### The records
definition perron :: "real \<Rightarrow> bool" where
  "perron l \<longleftrightarrow> alg_integer l \<and>
     (\<forall>z \<in> galois_conjugates l. z \<noteq> complex_of_real l \<longrightarrow> cmod z < l)"

definition Qfield :: "real \<Rightarrow> real set" where
  "Qfield l = {poly (map_poly of_rat q) l | q :: rat poly. True}"

definition ring_of_integers :: "real \<Rightarrow> real set" where
  "ring_of_integers l = {x \<in> Qfield l. alg_integer x}"

text \<open>A graph map is given by a finite set of (oriented) edges and, for every edge,
  its image edge path: a list of (edge, orientation) pairs, True = traversed along
  the orientation, False = traversed backwards (uppercase letter).\<close>

definition trans_entry :: "('e \<Rightarrow> ('e \<times> bool) list) \<Rightarrow> 'e \<Rightarrow> 'e \<Rightarrow> nat" where
  "trans_entry img i j = count_list (map fst (img j)) i"

fun trans_pow :: "'e set \<Rightarrow> ('e \<Rightarrow> ('e \<times> bool) list) \<Rightarrow> nat \<Rightarrow> 'e \<Rightarrow> 'e \<Rightarrow> nat" where
  "trans_pow E img 0 i j = (if i = j then 1 else 0)"
| "trans_pow E img (Suc n) i j = (\<Sum>w\<in>E. trans_entry img i w * trans_pow E img n w j)"

definition mixing :: "'e set \<Rightarrow> ('e \<Rightarrow> ('e \<times> bool) list) \<Rightarrow> bool" where
  "mixing E img \<longleftrightarrow> (\<exists>L > 0. \<forall>i\<in>E. \<forall>j\<in>E. trans_pow E img L i j > 0)"

text \<open>Edges of the star are pairs (k,i), 0 <= k < m (index of s_k, 0-based), 1 <= i <= M.\<close>
definition star_edges :: "nat \<Rightarrow> nat \<Rightarrow> (nat \<times> nat) set" where
  "star_edges m M = {(k, i). k < m \<and> 1 \<le> i \<and> i \<le> M}"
######
=== The task ===
Give again exactly, and only, the lines above starting at the one with "(\<forall>z \<in> galois_conjugates" and ending at the one with "the orientation, False".

=== Response box ===
     (\<forall>z \<in> galois_conjugates l. z \<noteq> complex_of_real l \<longrightarrow> cmod z < l)"

definition Qfield :: "real \<Rightarrow> real set" where
  "Qfield l = {poly (map_poly of_rat q) l | q :: rat poly. True}"

definition ring_of_integers :: "real \<Rightarrow> real set" where
  "ring_of_integers l = {x \<in> Qfield l. alg_integer x}"

text \<open>A graph map is given by a finite set of (oriented) edges and, for every edge,
  its image edge path: a list of (edge, orientation) pairs, True = traversed along
  the orientation, False = traversed backwards (uppercase letter).\<close>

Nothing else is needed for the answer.